» WHAT IS NEEDED: Output only the lines below from the one containing "theory Submission" to the one containing "- ln \<sigma>\<^sub>t", exactly as written, both ends kept.

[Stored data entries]
──────────

(* Consider the $(1,\lambda)$-CSA-ES without cumulation ($c=1$), with $d_\sigma>0$, applied to $f(x)=[x]_1$ on $\mathbb{R}^n$. If $\lambda\ge3$, the step-size diverges geometrically almost surely and in expectation: almost surely $$\frac1t\ln\Big(\frac{\sigma_t}{\sigma_0}\Big)\xrightarrow[t\to\infty]{}\mathbb{E}\Big(\ln\Big(\frac{\sigma_{t+1}}{\sigma_t}\Big)\Big)=\frac{1}{2d_\sigma n}\big(\mathbb{E}(\mathcal{N}_{1:\lambda}^2)-1\big),$$ and this rate is strictly positive. If $\lambda=1$ or $\lambda=2$, then $\ln\sigma_{t+1}=\ln\sigma_t+W_t$ where $\mathbb{E}(W_t)=0$ (an additive unbiased random walk on $\ln\sigma_t$); more precisely $W_t$ is distributed as $\frac{1}{2d_\sigma}(\chi^2_n/n-1)$ for $\lambda=1$, and as $\frac{1}{2d_\sigma}\big((\mathcal{N}_{1:2}^2+\chi^2_{n-1})/n-1\big)$ for $\lambda=2$ (with $\mathcal{N}_{1:2}$ and $\chi^2_{n-1}$ independent), where $\chi^2_k$ denotes a chi-squared random variable with $k$ degrees of freedom.
   Context: For $x\in\mathbb{R}^n$, $[x]_i$ denotes its $i$-th coordinate. The $(1,\lambda)$-CSA-ES with parameters $\lambda\ge1$, $0<c\le1$, $d_\sigma>0$, minimizing $f:\mathbb{R}^n\to\mathbb{R}$, is defined as follows. Start from $X_0\in\mathbb{R}^n$, $\sigma_0>0$, and $p_0\sim\mathcal{N}(0,I_n)$. At iteration $t$, draw $\xi_{t,1},\ldots,\xi_{t,\lambda}$ i.i.d. $\sim\mathcal{N}(0,I_n)$, independent of everything before; the children are $Y_{t,i}=X_t+\sigma_t\xi_{t,i}$. The next parent $X_{t+1}$ is the child with the smallest $f$-value, and $\xi^\star_t$ denotes the corresponding $\xi_{t,i}$, so that $X_{t+1}=X_t+\sigma_t\xi^\star_t$. The cumulative path is $p_{t+1}=(1-c)p_t+\sqrt{c(2-c)}\,\xi^\star_t$, and the step-size is updated as $\sigma_{t+1}=\sigma_t\exp\!\big(\tfrac{c}{2d_\sigma}(\|p_{t+1}\|^2/n-1)\big)$. For i.i.d. standard normal $\mathcal{N}_1,\ldots,\mathcal{N}_\lambda$, $\mathcal{N}_{1:\lambda}$ denotes their minimum. *)

theory Defs
  imports "HOL-Probability.Probability"
begin

text \<open>A vector of R^n is represented as a function nat => real, of which
only the coordinates 0, ..., n-1 are meaningful; the paper's first coordinate [x]_1
is coordinate 0.  The lambda children of iteration t are indexed by i = 0, ..., lambda-1.
The noise of the algorithm is given as a realisation
  xi t i j  = j-th coordinate of xi_{t,i}.\<close>

definition std_normal_measure :: "real measure" where
  "std_normal_measure = density lborel (\<lambda>x. ennreal (std_normal_density x))"

definition std_normal_prod :: "nat \<Rightarrow> (nat \<Rightarrow> real) measure" where
  "std_normal_prod k = PiM {..<k} (\<lambda>_. std_normal_measure)"

definition E_min_normal_sq :: "nat \<Rightarrow> real" where
  "E_min_normal_sq lam =
     (\<integral>x. (Min ((\<lambda>i. x i) ` {..<lam}))\<^sup>2 \<partial>(std_normal_prod lam))"

text \<open>The selected child is the one
with smallest f-value; ties (a null event) are broken by smallest index.\<close>
fun csa_es ::
  "nat \<Rightarrow> nat \<Rightarrow> real \<Rightarrow> real \<Rightarrow> ((nat \<Rightarrow> real) \<Rightarrow> real) \<Rightarrow>
   (nat \<Rightarrow> real) \<Rightarrow> real \<Rightarrow> (nat \<Rightarrow> real) \<Rightarrow> (nat \<Rightarrow> nat \<Rightarrow> nat \<Rightarrow> real) \<Rightarrow>
   nat \<Rightarrow> (nat \<Rightarrow> real) \<times> real \<times> (nat \<Rightarrow> real)" where
  "csa_es n lam c d f X0 s0 p0 xi 0 = (X0, s0, p0)"
| "csa_es n lam c d f X0 s0 p0 xi (Suc t) =
     (case csa_es n lam c d f X0 s0 p0 xi t of (X, s, p) \<Rightarrow>
       (let Y = (\<lambda>i j. X j + s * xi t i j);
            k = (LEAST i. i < lam \<and> (\<forall>l<lam. f (Y i) \<le> f (Y l)));
            p' = (\<lambda>j. (1 - c) * p j + sqrt (c * (2 - c)) * xi t k j);
            s' = s * exp (c / (2 * d) * ((\<Sum>j<n. (p' j)\<^sup>2) / real n - 1))
        in (Y k, s', p')))"

definition csa_sigma ::
  "nat \<Rightarrow> nat \<Rightarrow> real \<Rightarrow> real \<Rightarrow> ((nat \<Rightarrow> real) \<Rightarrow> real) \<Rightarrow>
   (nat \<Rightarrow> real) \<Rightarrow> real \<Rightarrow> (nat \<Rightarrow> 'a \<Rightarrow> real) \<Rightarrow> (nat \<Rightarrow> nat \<Rightarrow> nat \<Rightarrow> 'a \<Rightarrow> real) \<Rightarrow>
   nat \<Rightarrow> 'a \<Rightarrow> real" where
  "csa_sigma n lam c d f X0 s0 p0 xi t w =
     fst (snd (csa_es n lam c d f X0 s0 (\<lambda>j. p0 j w) (\<lambda>t i j. xi t i j w) t))"

text \<open>The whole noise family: Inl j is the j-th coordinate of p_0,
Inr (t,i,j) the j-th coordinate of xi_{t,i}.\<close>
definition noise_family ::
  "(nat \<Rightarrow> 'a \<Rightarrow> real) \<Rightarrow> (nat \<Rightarrow> nat \<Rightarrow> nat \<Rightarrow> 'a \<Rightarrow> real) \<Rightarrow>
   nat + (nat \<times> nat \<times> nat) \<Rightarrow> 'a \<Rightarrow> real" where
  "noise_family p0 xi k = (case k of Inl j \<Rightarrow> p0 j | Inr (t, i, j) \<Rightarrow> xi t i j)"

definition noise_index :: "nat \<Rightarrow> nat \<Rightarrow> (nat + (nat \<times> nat \<times> nat)) set" where
  "noise_index n lam = Inl ` {..<n} \<union> Inr ` {(t, i, j). i < lam \<and> j < n}"

end

theory Submission
  imports Defs
begin

text \<open>With \<open>c = 1\<close> the path \<open>p\<^sub>t\<^sub>+\<^sub>1\<close> is the selected vector \<open>\<xi>\<^sup>\<star>\<^sub>t\<close> itself, so
\<open>ln \<sigma>\<^sub>t\<^sub>+\<^sub>1 - ln \<sigma>\<^sub>t = (\<parallel>\<xi>\<^sup>\<star>\<^sub>t\<parallel>\<^sup>2/n - 1)/(2 d\<^sub>\<sigma>)\<close> depends on the noise of iteration \<open>t\<close> only:
the increments are i.i.d.  Selection on \<open>f = [x]\<^sub>1\<close> looks only at first coordinates, hence
\<open>[\<xi>\<^sup>\<star>\<^sub>t]\<^sub>1 = \<N>\<^sub>1\<^sub>:\<^sub>\<lambda>\<close>, while the remaining \<open>n - 1\<close> coordinates of \<open>\<xi>\<^sup>\<star>\<^sub>t\<close> are still i.i.d.
standard normal and independent of it.  This gives the law and the mean
\<open>(E \<N>\<^sub>1\<^sub>:\<^sub>\<lambda>\<^sup>2 - 1)/(2 d\<^sub>\<sigma> n)\<close> of the increments; the almost sure limit is the strong law of
large numbers, in its elementary version for bounded fourth moments.

The sign of the rate comes from the layer-cake formula \<open>E Z\<^sup>2 = \<integral>\<^sub>0\<^sup>\<infinity> 2x P(|Z| \<ge> x) dx\<close>:
with \<open>q = P(\<N> \<ge> x)\<close>, one has \<open>P(|\<N>\<^sub>1\<^sub>:\<^sub>\<lambda>| \<ge> x) - P(|\<N>| \<ge> x) = q\<^sup>\<lambda> + 1 - (1 - q)\<^sup>\<lambda> - 2q\<close>,
which vanishes identically for \<open>\<lambda> \<le> 2\<close> and is positive for \<open>\<lambda> \<ge> 3\<close> and \<open>0 < q < 1/2\<close>.\<close>

section \<open>Independence and standard normal laws\<close>

lemma prob_space_std_normal_measure: "prob_space std_normal_measure"
  unfolding std_normal_measure_def
  using prob_space_normal_density[of 1 0] by simp

lemma integrable_std_normal_measure_power: "integrable std_normal_measure (\<lambda>x. x ^ k)"
  unfolding std_normal_measure_def
  by (subst integrable_density) (auto simp: integrable_std_normal_moment)

lemma integral_std_normal_measure_square: "(\<integral>x. x\<^sup>2 \<partial>std_normal_measure) = 1"
proof -
  have "(\<integral>x. x\<^sup>2 \<partial>std_normal_measure) = (\<integral>x. std_normal_density x * x ^ (2 * 1) \<partial>lborel)"
    unfolding std_normal_measure_def by (subst integral_density) auto
  also have "\<dots> = 1" by (subst integral_std_normal_moment_even) simp
  finally show ?thesis .
qed

lemma emeasure_std_normal_measure_pos:
  assumes A: "A \<in> sets borel" and pos: "emeasure lborel A > 0"
  shows "emeasure std_normal_measure A > 0"
proof (rule ccontr)
  assume "\<not> emeasure std_normal_measure A > 0"
  then have "(\<integral>\<^sup>+x. ennreal (std_normal_density x) * indicator A x \<partial>lborel) = 0"
    unfolding std_normal_measure_def using A by (simp add: emeasure_density zero_less_iff_neq_zero)
  then have "AE x in lborel. ennreal (std_normal_density x) * indicator A x = 0"
    using A by (subst (asm) nn_integral_0_iff_AE) auto
  moreover have "\<And>x. std_normal_density x \<noteq> 0"
    using normal_density_pos[of 1] by (metis less_irrefl zero_less_one)
  ultimately have "AE x in lborel. x \<notin> A"
    by (elim eventually_mono) (auto simp: indicator_def split: if_splits)
  then have "emeasure lborel A = 0"
    using A by (subst (asm) AE_iff_measurable[of A]) auto
  then show False using pos by simp
qed

context prob_space begin

lemma indep_sets_reindex:
  assumes "indep_sets F I" "inj_on \<phi> K" "\<phi> ` K \<subseteq> I"
  shows "indep_sets (\<lambda>k. F (\<phi> k)) K"
proof (rule indep_setsI)
  fix k assume "k \<in> K" then show "F (\<phi> k) \<subseteq> events"
    using assms unfolding indep_sets_def by auto
next
  fix A J assume J: "J \<noteq> {}" "J \<subseteq> K" "finite J" and A: "\<forall>j\<in>J. A j \<in> F (\<phi> j)"
  define B where "B = (\<lambda>i. A (inv_into J \<phi> i))"
  have inj: "inj_on \<phi> J" using assms(2) J(2) inj_on_subset by blast
  have B_\<phi>: "\<And>j. j \<in> J \<Longrightarrow> B (\<phi> j) = A j" unfolding B_def using inj by simp
  have "prob (\<Inter>i\<in>\<phi>`J. B i) = (\<Prod>i\<in>\<phi>`J. prob (B i))"
  proof (rule indep_setsD[OF assms(1)])
    show "\<phi> ` J \<subseteq> I" using J(2) assms(3) by blast
    show "\<phi> ` J \<noteq> {}" using J(1) by blast
    show "finite (\<phi> ` J)" using J(3) by blast
    show "\<forall>j\<in>\<phi> ` J. B j \<in> F j" using A B_\<phi> by force
  qed
  moreover have "(\<Inter>i\<in>\<phi>`J. B i) = (\<Inter>j\<in>J. A j)" using B_\<phi> by auto
  moreover have "(\<Prod>i\<in>\<phi>`J. prob (B i)) = (\<Prod>j\<in>J. prob (A j))"
    using B_\<phi> by (simp add: prod.reindex[OF inj])
  ultimately show "prob (\<Inter>j\<in>J. A j) = (\<Prod>j\<in>J. prob (A j))" by simp
qed

lemma indep_vars_reindex:
  assumes "indep_vars M' X I" "inj_on \<phi> K" "\<phi> ` K \<subseteq> I"
  shows "indep_vars (\<lambda>k. M' (\<phi> k)) (\<lambda>k. X (\<phi> k)) K"
  using assms indep_sets_reindex[where F="\<lambda>i. {X i -` A \<inter> space M |A. A \<in> sets (M' i)}"]
  unfolding indep_vars_def2 by blast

──────────

» RESULT OF THE TASK:
theory Submission
  imports Defs
begin

text \<open>With \<open>c = 1\<close> the path \<open>p\<^sub>t\<^sub>+\<^sub>1\<close> is the selected vector \<open>\<xi>\<^sup>\<star>\<^sub>t\<close> itself, so
\<open>ln \<sigma>\<^sub>t\<^sub>+\<^sub>1 - ln \<sigma>\<^sub>t = (\<parallel>\<xi>\<^sup>\<star>\<^sub>t\<parallel>\<^sup>2/n - 1)/(2 d\<^sub>\<sigma>)\<close> depends on the noise of iteration \<open>t\<close> only:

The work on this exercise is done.